Takata Shares Fall; Bidders Said to Mull Bankruptcy Option

  • Bankruptcy may result in low repayment to bondholders: analyst
  • Suitors for air-bag maker said to include Carlyle, KKR

Takata Bidders Said to Mull Bankruptcy Possibility

Takata Corp. shares fell 12 percent in Tokyo trading as bidders for the air-bag maker were said to consider the possibility of some form of bankruptcy proceedings for the Japanese company behind the auto industry’s biggest ever safety recall.

The shares posted their biggest decline since March 30 to 374 yen on Tuesday. The drop was the biggest on the benchmark Topix index and reduced the company’s market value to 31.1 billion yen ($305 million).

Bidders for Tokyo-based Takata have been asked to submit their proposals by early this week, and suitors include Carlyle Group LP, which is working with Chinese-owned air-bag manufacturer Key Safety Systems Inc.; Daicel Corp., a Japanese manufacturer of air-bag inflators that’s jointly bidding with Bain Capital; and KKR & Co., according to people familiar with the matter. Some of the bidders are considering the possibility of bankruptcy proceedings for Takata as an option to mitigate liabilities, the people said, asking not to be identified because the deliberations are confidential.

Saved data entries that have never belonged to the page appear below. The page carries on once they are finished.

lemma hit_time_ge_dist:
  assumes "0 < \<beta>" "\<beta> \<le> 1" "0 \<le> p0" "p0 \<le> 1"
  shows "ennreal (\<bar>p0 - p\<bar> / \<beta>) \<le> hit_time p \<beta> p0 \<omega>"
proof (cases "\<exists>t. \<bar>ema \<beta> p0 \<omega> t - p\<bar> \<le> \<beta>")
  case True
  define L where "L = (LEAST t. \<bar>ema \<beta> p0 \<omega> t - p\<bar> \<le> \<beta>)"
  have "\<bar>ema \<beta> p0 \<omega> L - p\<bar> \<le> \<beta>" unfolding L_def using True by (rule LeastI_ex)
  moreover have "\<bar>ema \<beta> p0 \<omega> L - p0\<bar> \<le> real L * \<beta>"
    using assms by (intro ema_dist_init_le) auto
  ultimately have "\<bar>p0 - p\<bar> \<le> real (Suc L) * \<beta>" by (simp add: algebra_simps)
  then have "\<bar>p0 - p\<bar> / \<beta> \<le> real (Suc L)" using assms by (simp add: divide_le_eq)
  then have "ennreal (\<bar>p0 - p\<bar> / \<beta>) \<le> ennreal (real (Suc L))" by (rule ennreal_leI)
  also have "\<dots> = hit_time p \<beta> p0 \<omega>"
    using True unfolding hit_time_def L_def by (simp only: if_True)
  finally show ?thesis .
next
  case False
  then show ?thesis unfolding hit_time_def by simp
qed

lemma exists_init_hit_time_ge:
  assumes "0 \<le> p" "p \<le> 1" "0 < \<beta>" "\<beta> \<le> 1"
  shows "\<exists>p0. 0 \<le> p0 \<and> p0 \<le> 1 \<and> (\<forall>\<omega>. ennreal ((1/2) / \<beta>) \<le> hit_time p \<beta> p0 \<omega>)"
proof -
  define p0 :: real where "p0 = (if p \<ge> 1/2 then 0 else 1)"
  have p0: "0 \<le> p0" "p0 \<le> 1" "1/2 \<le> \<bar>p0 - p\<bar>" using assms by (auto simp: p0_def)
  then have "ennreal ((1/2) / \<beta>) \<le> ennreal (\<bar>p0 - p\<bar> / \<beta>)"
    using assms by (intro ennreal_leI divide_right_mono) auto
  then have "ennreal ((1/2) / \<beta>) \<le> hit_time p \<beta> p0 \<omega>" for \<omega>
    using assms p0 hit_time_ge_dist order.trans by blast
  then show ?thesis using p0 by blast
qed

lemma expected_ema_step_dist:
  assumes "0 \<le> p" "p \<le> 1" "0 < \<beta>" "\<beta> \<le> 1" "0 \<le> x" "x \<le> 1" "\<beta> < \<bar>x - p\<bar>"
  shows "p * \<bar>ema_step \<beta> x True - p\<bar> + (1 - p) * \<bar>ema_step \<beta> x False - p\<bar> = (1 - \<beta>) * \<bar>x - p\<bar>"
proof -
  have step: "\<bar>ema_step \<beta> x b - x\<bar> \<le> \<beta>" for b
    using assms by (intro ema_step_dist_le) auto
  show ?thesis
  proof (cases "p < x")
    case True
    then have "\<bar>ema_step \<beta> x b - p\<bar> = ema_step \<beta> x b - p" for b
      using step[of b] assms(7) by (simp add: abs_le_iff)
    then show ?thesis using True by (simp only:) (simp add: ema_step_def algebra_simps)
  next
    case False
    then have "\<bar>ema_step \<beta> x b - p\<bar> = p - ema_step \<beta> x b" for b
      using step[of b] assms(7) by (simp add: abs_le_iff)
    then show ?thesis using False by (simp only:) (simp add: ema_step_def algebra_simps)
  qed
qed
text \<open>Complete bracketings of a word x^x^...^x are full binary trees;
  the leaves are the letters, read left to right.\<close>
datatype bracketing = Leaf | Node bracketing bracketing

fun leaves :: "bracketing \<Rightarrow> nat" where
  "leaves Leaf = 1"
| "leaves (Node l r) = leaves l + leaves r"

fun eval_zeros :: "bracketing \<Rightarrow> nat" where
  "eval_zeros Leaf = 0"
| "eval_zeros (Node l r) = wedge (eval_zeros l) (eval_zeros r)"

definition walks :: "nat \<Rightarrow> int list set" where
  "walks n = {ys. length ys = n + 1 \<and> ys ! 0 = 0 \<and> ys ! n = 1 \<and>
      (\<forall>i\<in>{1..n}. ys ! i - ys ! (i - 1) \<in> {-2, -1, 1, 2}) \<and>
      (\<forall>i\<le>n. ys ! i \<ge> 0)}"

end

theory Submission
  imports Defs "HOL-Computational_Algebra.Formal_Power_Series"
begin

text \<open>
  Let \<open>E\<close> and \<open>F\<close> be the generating functions of nonnegative walks from 0 to 0 and
  from 0 to 1. Cutting a walk at its first visit to level 0 yields \<open>F = x E (E + F)\<close> and a
  polynomial equation for \<open>E\<close>; eliminating \<open>F\<close>, the series \<open>z = x E\<close> satisfies
  \<open>z (1 - z)\<^sup>2 = x q\<^sup>2\<close> with \<open>q = z\<^sup>2 - z + 1\<close>.
  On the other side, the series \<open>C\<close> of all bracketings and \<open>A\<close> of those of value 0
  satisfy \<open>C = x + C\<^sup>2\<close> and \<open>A = x + A (C - A)\<close>, because a product has value 0
  exactly when it is \<open>0 \<and> 1\<close>. Both are solved in terms of \<open>z\<close>: \<open>C = z / q\<close> and
  \<open>A = z (1 - z) / q = x + x\<^sup>2 F\<close>. As the fixed point equation for \<open>A\<close> has a unique
  solution without constant term, comparing coefficients of \<open>x\<^sup>n\<^sup>+\<^sup>2\<close> gives the theorem.
\<close>

unbundle fps_syntax

section \<open>Nonnegative walks with steps \<open>\<plusminus>1, \<plusminus>2\<close>\<close>

fun walk_count :: "nat \<Rightarrow> int \<Rightarrow> int \<Rightarrow> nat" where
  "walk_count 0 h j = (if h = j \<and> 0 \<le> h then 1 else 0)"
| "walk_count (Suc n) h j = (if h < 0 then 0 else
     walk_count n (h - 2) j + walk_count n (h - 1) j +
     walk_count n (h + 1) j + walk_count n (h + 2) j)"

lemma walk_count_start_neg: "h < 0 \<Longrightarrow> walk_count n h j = 0"
  by (cases n) auto

lemma walk_count_end_neg: "j < 0 \<Longrightarrow> walk_count n h j = 0"
  by (induction n arbitrary: h) auto

lemma walk_count_Suc_right:
  "walk_count (Suc n) h j = (if j < 0 then 0 else
     walk_count n h (j - 2) + walk_count n h (j - 1) +
     walk_count n h (j + 1) + walk_count n h (j + 2))"
proof (induction n arbitrary: h)
  case (Suc n)
  show ?case
    by (simp only: walk_count.simps(2)[of "Suc n" h] Suc.IH) auto
qed auto

lemma walk_count_sym: "walk_count n h j = walk_count n j h"
proof (induction n arbitrary: h j)
  case (Suc n)
  show ?case
    by (subst walk_count_Suc_right) (simp add: Suc.IH)
qed auto

definition walks_between :: "nat \<Rightarrow> int \<Rightarrow> int \<Rightarrow> int list set" where
  "walks_between n h j = {ys. length ys = n + 1 \<and> ys ! 0 = h \<and> ys ! n = j \<and>
      (\<forall>i\<in>{1..n}. ys ! i - ys ! (i - 1) \<in> {-2, -1, 1, 2}) \<and>
      (\<forall>i\<le>n. ys ! i \<ge> 0)}"

lemma walks_eq_walks_between: "walks n = walks_between n 0 1"
  by (simp add: walks_def walks_between_def)

lemma walks_between_0: "walks_between 0 h j = (if h = j \<and> 0 \<le> h then {[h]} else {})"
  by (auto simp: walks_between_def length_Suc_conv)

lemma atLeast1_atMost_Suc_eq_insert_1: "{1..Suc n} = insert 1 (Suc ` {1..n})"
  unfolding image_Suc_atLeastAtMost by (rule atLeastAtMost_insertL[symmetric]) simp

lemma Cons_in_walks_between:
  "x # ys \<in> walks_between (Suc n) h j \<longleftrightarrow>
     x = h \<and> 0 \<le> h \<and> ys \<in> walks_between n (ys ! 0) j \<and> ys ! 0 - h \<in> {-2, -1, 1, 2}"
proof -
  have steps: "(\<forall>i\<in>{1..Suc n}. (x # ys) ! i - (x # ys) ! (i - 1) \<in> S) \<longleftrightarrow>
      ys ! 0 - x \<in> S \<and> (\<forall>i\<in>{1..n}. ys ! i - ys ! (i - 1) \<in> S)" for S
    unfolding atLeast1_atMost_Suc_eq_insert_1
    by (simp del: image_Suc_atLeastAtMost add: nth_Cons_pos)
  have nonneg: "(\<forall>i\<le>Suc n. (x # ys) ! i \<ge> 0) \<longleftrightarrow> 0 \<le> x \<and> (\<forall>i\<le>n. ys ! i \<ge> 0)"
    using All_less_Suc2[of "Suc n" "\<lambda>i. 0 \<le> (x # ys) ! i"]
    by (simp only: less_Suc_eq_le nth_Cons_0 nth_Cons_Suc)
  show ?thesis
    unfolding walks_between_def mem_Collect_eq steps nonneg length_Cons nth_Cons_0 nth_Cons_Suc
    by auto
qed

lemma walks_between_nth_0: "ys \<in> walks_between n h j \<Longrightarrow> ys ! 0 = h"
  by (simp add: walks_between_def)

lemma walks_between_Suc:
  "walks_between (Suc n) h j = (if h < 0 then {} else (#) h `
     (walks_between n (h - 2) j \<union> walks_between n (h - 1) j \<union>
      walks_between n (h + 1) j \<union> walks_between n (h + 2) j))"
  (is "?L = (if h < 0 then {} else (#) h ` ?U)")
proof (rule set_eqI)
  fix zs
  show "zs \<in> ?L \<longleftrightarrow> zs \<in> (if h < 0 then {} else (#) h ` ?U)"
  proof (cases zs)
    case Nil
    then show ?thesis by (auto simp: walks_between_def)
  next
    case (Cons x ys)
    have "ys \<in> walks_between n (ys ! 0) j \<and> ys ! 0 - h \<in> {-2, -1, 1, 2} \<longleftrightarrow> ys \<in> ?U"
    proof
      assume ys: "ys \<in> walks_between n (ys ! 0) j \<and> ys ! 0 - h \<in> {-2, -1, 1, 2}"
      then have "ys ! 0 = h - 2 \<or> ys ! 0 = h - 1 \<or> ys ! 0 = h + 1 \<or> ys ! 0 = h + 2"
        by auto
      then show "ys \<in> ?U"
        using ys by (elim disjE) simp_all
    next
      assume "ys \<in> ?U"
      then obtain a where "a \<in> {h - 2, h - 1, h + 1, h + 2}" and ys: "ys \<in> walks_between n a j"
        by blast
      moreover have "ys ! 0 = a"
        using ys by (rule walks_between_nth_0)
      ultimately show "ys \<in> walks_between n (ys ! 0) j \<and> ys ! 0 - h \<in> {-2, -1, 1, 2}"
        by auto
    qed
    moreover have "x # ys \<in> (#) h ` ?U \<longleftrightarrow> x = h \<and> ys \<in> ?U"
      by blast
    ultimately show ?thesis
      unfolding Cons Cons_in_walks_between by auto
  qed
qed

lemma finite_card_walks_between:
  "finite (walks_between n h j) \<and> card (walks_between n h j) = walk_count n h j"
proof (induction n arbitrary: h)
  case 0
  then show ?case by (simp add: walks_between_0)
next
  case (Suc n)
  have disj: "a \<noteq> b \<Longrightarrow> walks_between n a j \<inter> walks_between n b j = {}" for a b
    by (auto simp: walks_between_def)
  let ?U = "walks_between n (h - 2) j \<union> walks_between n (h - 1) j \<union>
      walks_between n (h + 1) j \<union> walks_between n (h + 2) j"
  have "finite ?U"
    using Suc.IH by simp
  moreover have "card ?U = walk_count n (h - 2) j + walk_count n (h - 1) j +
      walk_count n (h + 1) j + walk_count n (h + 2) j"
    using Suc.IH by (simp add: card_Un_disjoint disj Int_Un_distrib2 Int_Un_distrib)
  moreover have "card ((#) h ` ?U) = card ?U"
    by (rule card_image) simp
  ultimately show ?case
    by (simp add: walks_between_Suc)
qed

text \<open>A walk from \<open>h \<ge> 1\<close> either stays at height \<open>\<ge> 1\<close>, i.e.\ it is a shifted walk from
  \<open>h - 1\<close> to \<open>j - 1\<close>, or it first reaches 0 at step \<open>k + 1\<close>, coming from height 1 or 2.\<close>

lemma walk_count_first_passage:
  assumes "1 \<le> h"
  shows "walk_count n h j = walk_count n (h - 1) (j - 1) +
    (\<Sum>k<n. (walk_count k (h - 1) 0 + walk_count k (h - 1) 1) * walk_count (n - 1 - k) 0 j)"
  using assms
proof (induction n arbitrary: h)
  case 0
  then show ?case by simp
next
  case (Suc n)
  define T where
    "T x = (\<Sum>k<n. (walk_count k x 0 + walk_count k x 1) * walk_count (n - 1 - k) 0 j)" for x
  have IH: "1 \<le> x \<Longrightarrow> walk_count n x j = walk_count n (x - 1) (j - 1) + T (x - 1)" for x
    using Suc.IH unfolding T_def by blast
  have T_neg: "x < 0 \<Longrightarrow> T x = 0" for x
    by (simp add: T_def walk_count_start_neg)
  let ?c = "\<lambda>k. walk_count k (h - 1) 0 + walk_count k (h - 1) 1"
  have "(\<Sum>k<Suc n. ?c k * walk_count (Suc n - 1 - k) 0 j) =
     ?c 0 * walk_count n 0 j + (\<Sum>k<n. ?c (Suc k) * walk_count (n - 1 - k) 0 j)"
    by (subst sum.lessThan_Suc_shift) (simp del: walk_count.simps)
  also have "(\<Sum>k<n. ?c (Suc k) * walk_count (n - 1 - k) 0 j) =
      T (h - 3) + T (h - 2) + T h + T (h + 1)"
    using Suc.prems unfolding T_def by (simp add: sum.distrib[symmetric] algebra_simps)
  finally have sum_Suc: "(\<Sum>k<Suc n. ?c k * walk_count (Suc n - 1 - k) 0 j) =
     (if h = 1 \<or> h = 2 then walk_count n 0 j else 0) + T (h - 3) + T (h - 2) + T h + T (h + 1)"
    using Suc.prems by auto
  have shifted: "walk_count (Suc n) (h - 1) (j - 1) = walk_count n (h - 3) (j - 1) +
      walk_count n (h - 2) (j - 1) + walk_count n h (j - 1) + walk_count n (h + 1) (j - 1)"
    using Suc.prems by (simp add: algebra_simps)
  have unshifted: "walk_count (Suc n) h j = walk_count n (h - 2) j + walk_count n (h - 1) j +
      walk_count n (h + 1) j + walk_count n (h + 2) j"
    using Suc.prems by simp
  have "walk_count n (h + 1) j = walk_count n h (j - 1) + T h"
    and "walk_count n (h + 2) j = walk_count n (h + 1) (j - 1) + T (h + 1)"
    using IH[of "h + 1"] IH[of "h + 2"] Suc.prems by (simp_all add: algebra_simps)
  moreover have "walk_count n (h - 1) j =
      (if h = 1 then walk_count n 0 j else walk_count n (h - 2) (j - 1) + T (h - 2))"
    and "walk_count n (h - 2) j = (if h = 1 then 0 else if h = 2 then walk_count n 0 j
      else walk_count n (h - 3) (j - 1) + T (h - 3))"
    using IH[of "h - 1"] IH[of "h - 2"] Suc.prems by (auto simp: walk_count_start_neg)
  ultimately show ?case
    unfolding unshifted shifted sum_Suc using Suc.prems T_neg[of "-1"] T_neg[of "-2"]
    by (auto simp: walk_count_start_neg)
qed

Takata spokesman Toyohiro Hishikawa declined to comment. The company aims to shortlist two to three candidates by October, said the people, who asked not to be identified because the information is confidential.

Pursuing bankruptcy could result in very low repayment to debt holders, Nobuhiko Anbiru, a senior credit analyst at Mitsubishi UFJ Morgan Stanley, wrote in a report Tuesday. While bondholders have been repaid about 10 percent in recent bankruptcy cases in Japan, Takata’s car-making customers and sponsors may agree to support Takata and the notes could be redeemed at maturity, he wrote.

A person with knowledge of the restructuring process said in May that Takata would seek to avoid bankruptcy and instead look for buyers that could take a controlling stake and carry the company through its crisis.

The sale will be closely scrutinized by the world’s largest automakers, which will spend the next several years recalling air-bag inflators that can rupture and shoot deadly shards at vehicle occupants. Takata set up a committee in February that’s been negotiating with its car-making customers, led by Honda Motor Co., on the costs related to replacing the defective parts linked to as many as 15 deaths worldwide.

Almost 70 million Takata airbag inflators are scheduled for replacement between now and 2019, the largest and most complex auto-safety recall in U.S. history. The company faces billions in potential recall costs should automakers not agree to forgive the debts.